Setelah exercise pagi ini dan makan pagi secukupnya doang, kami bersiap-siap untuk ke kota, downtown istilahnya. Tidak jauh, cuma 2 km-an alias jatah untuk jalan kaki. Namun prens sadayana, isteriku sudah jadi anak Kanada alias tidak tahan lagi dengan suhu 30-an C dan lembab di Bridgetown ini. Jadi belum lama tiba di kota, baru sejam berjalan, ia sudah merengek minta pulang ke kapal. Soalnya, memasuki beberapa 'department store' maupun toko, jarang yang pakai AC, paling-paling kipas angin, "kampungan" banget :-).
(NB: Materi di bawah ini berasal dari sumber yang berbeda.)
(* Let $q\ge 1$, $n\ge1$ and $\theta\ge 1$ be integers, and let $X=(X_1,\dots,X_n)$ be a random vector with values in $[q]^n$. Let $\sigma$ be a uniformly random permutation of $[n]$, independent of $X$. Then $$\mathbb E_{X,\sigma}\left[\sum_{i=\theta}^n \mathrm{TV}\Big(\big(X_{\sigma(i)}\mid \{X_{\sigma(j)}\}_{j\in[i-\theta]}\big),\ \big(X_{\sigma(i)}\mid \{X_{\sigma(j)}\}_{j\in[i-1]}\big)\Big)^2\right]\le \frac{(\theta-1)\log q}{2}.$$
   Context: $\mathrm{TV}$ is total variation distance and $\log$ is the natural logarithm. For a set $J$ of indices, $(X_k\mid\{X_j\}_{j\in J})$ denotes the conditional law of $X_k$ given the values of $(X_j)_{j\in J}$, evaluated at the realized values of $X$ (so it is a random distribution on $[q]$); $[0]=\emptyset$. *)

theory Defs
  imports "HOL-Probability.Probability"
begin

definition cond_law :: "(nat \<Rightarrow> nat) pmf \<Rightarrow> nat set \<Rightarrow> nat \<Rightarrow> (nat \<Rightarrow> nat) \<Rightarrow> nat \<Rightarrow> real" where
  "cond_law p J k x a =
     measure_pmf.prob p {y. y k = a \<and> (\<forall>j\<in>J. y j = x j)} /
     measure_pmf.prob p {y. \<forall>j\<in>J. y j = x j}"

definition tv_dist :: "nat \<Rightarrow> (nat \<Rightarrow> real) \<Rightarrow> (nat \<Rightarrow> real) \<Rightarrow> real" where
  "tv_dist q P Q = (1/2) * (\<Sum>a\<in>{1..q}. \<bar>P a - Q a\<bar>)"

end

theory Submission
  imports Defs
begin

text \<open>
  Fix \<open>\<sigma>\<close> and \<open>i\<close>, and write \<open>A = \<sigma>[i-\<theta>] \<subseteq> B = \<sigma>[i-1]\<close>, \<open>k = \<sigma>(i)\<close>. By Pinsker's inequality the
  expected squared total variation distance between the laws of \<open>X_k\<close> given \<open>X_A\<close> and given \<open>X_B\<close> is
  at most half the expected Kullback-Leibler divergence between them, and by the tower property
  this divergence is \<open>(H(X_{A+k}) - H(X_A)) - (H(X_{B+k}) - H(X_B))\<close>. Averaged over \<open>\<sigma>\<close>, the set
  \<open>A + k\<close> is distributed like the prefix \<open>\<sigma>[i-\<theta>+1]\<close>; so if \<open>D_m\<close> is the average entropy gain of
  the \<open>m\<close>-th prefix, the whole sum is at most \<open>\<Sum>_i (D_{i-\<theta>+1} - D_i) / 2\<close>. This telescopes to at
  most \<open>\<theta> - 1\<close> gains, each lying in \<open>[0, log q]\<close>. Coordinates outside \<open>[n]\<close> play no role, and
  discarding them makes the law of \<open>X\<close> finitely supported.
\<close>

section \<open>Pinsker's inequality\<close>

lemma four_mult_one_minus_le_1: "4 * t * (1 - t) \<le> (1::real)"
  using zero_le_power2[of "2 * t - 1"] by (simp add: power2_eq_square algebra_simps)

lemma binary_pinsker_lt_1:
  fixes p r :: real
  assumes "0 < r" "r \<le> p" "p < 1"
  shows "2 * (p - r)^2 \<le> p * ln (p / r) + (1 - p) * ln ((1 - p) / (1 - r))"
proof -
  define f where "f t = - p * ln t - (1 - p) * ln (1 - t) - 2 * (p - t)^2" for t
  have "f p \<le> f r"
  proof (rule DERIV_nonpos_imp_nonincreasing[OF \<open>r \<le> p\<close>])
    fix t assume t: "r \<le> t" "t \<le> p"
    then have "0 < t" "t < 1" using assms by auto
    then have "DERIV f t :> - p * (1 / t) - (1 - p) * (- 1 / (1 - t)) - 2 * (2 * (p - t) * - 1)"
      unfolding f_def by (auto intro!: derivative_eq_intros)
    also have "- p * (1 / t) - (1 - p) * (- 1 / (1 - t)) - 2 * (2 * (p - t) * - 1)
             = (p - t) * (4 - 1 / (t * (1 - t)))"
      using \<open>0 < t\<close> \<open>t < 1\<close> by (simp add: field_simps)
    finally have "DERIV f t :> (p - t) * (4 - 1 / (t * (1 - t)))" .
    moreover have "4 \<le> 1 / (t * (1 - t))"
      using four_mult_one_minus_le_1[of t] \<open>0 < t\<close> \<open>t < 1\<close> by (simp add: field_simps)
    then have "(p - t) * (4 - 1 / (t * (1 - t))) \<le> 0"
      using t by (intro mult_nonneg_nonpos) auto
    ultimately show "\<exists>y. DERIV f t :> y \<and> y \<le> 0" by blast
  qed
  then show ?thesis
    using assms unfolding f_def by (simp add: ln_div algebra_simps)
qed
Pasar ikannya pun mirip dengan Pasar Ampera di kompleks perumahan kami waktu masih tinggal di Kayu Putih, Pulo Mas. Serba terbuka, beratap sederhana dan dari batu doang. Jadi, tidak lama mencari angin panas di kota, kami kembali ke kapal untuk berlindung di kapal ber-AC. Payah banget ya si Empok Cecile, padahal 2 hari lagi akan jadi "putri salju" kembali, maksudnya siap-siap shovel snow di tengah suhu minus belasan derajat. Barulah ia akan mendambakan kehangatan Bridgetown di pulau Barbados.

Kembali ke kapal, acara yang paling asyik setelah bermandi-peluh di luar adalah berenang di kolam renang yang airnya sejuk. Itulah yang kami lakukan bolak balik duaan wae sebab kolam renang menjelang siang, tidak ada yang renangi kecuali dua anak norak dari Kanada ;-). Yang lain menikmati pantai benaran di pulau, anak Jawa dan Betawi di pantai bohongan azha, sudah bosan dengan suhu yang panas :-). Di pinggir kolam ada pizza bar dengan cem-macem jenisnya. Kutegur pelayannya karena tidak pasti anak Pilipin atau Melayu. Ternyata anak Sumbar, pantes tulang pipinya agak menonjol. Namanya Benny katanya dan kubilang, sebetulnya anak Asia di kapal ini dengan tulang pipi menonjol, mestinya anak Indo. Ia mengangguk dan menunjuk kepada seorang yang sedang melipati handuk kolam renang. "Dia juga anak Indonesia Pak," kata Benny dan belakangan dari pelat nama yang kubaca, benar namanya bermarga :-). Seorang awak kapal agak bule menghampiri kami ketika sedang ngobrol dengan Benny. "We are talking in our mother language," kataku ke dia supaya ia tidak merasa dicuekin. "I know, you sit on table 478." Aje gile, kataku dalam hati, rupanya berita Bang Jeha dan Empoknya yang dari Melayu dan sudah kulo-nuwun dengan puluhan awak kapal masuk di "surat kabar gosip" cruise ship ini :-). Sekian dulu dongeng hari ini, saya mau mencari tahu ada gosip apa lagi yang beredar mengenai kami berdua di kapal ini :-).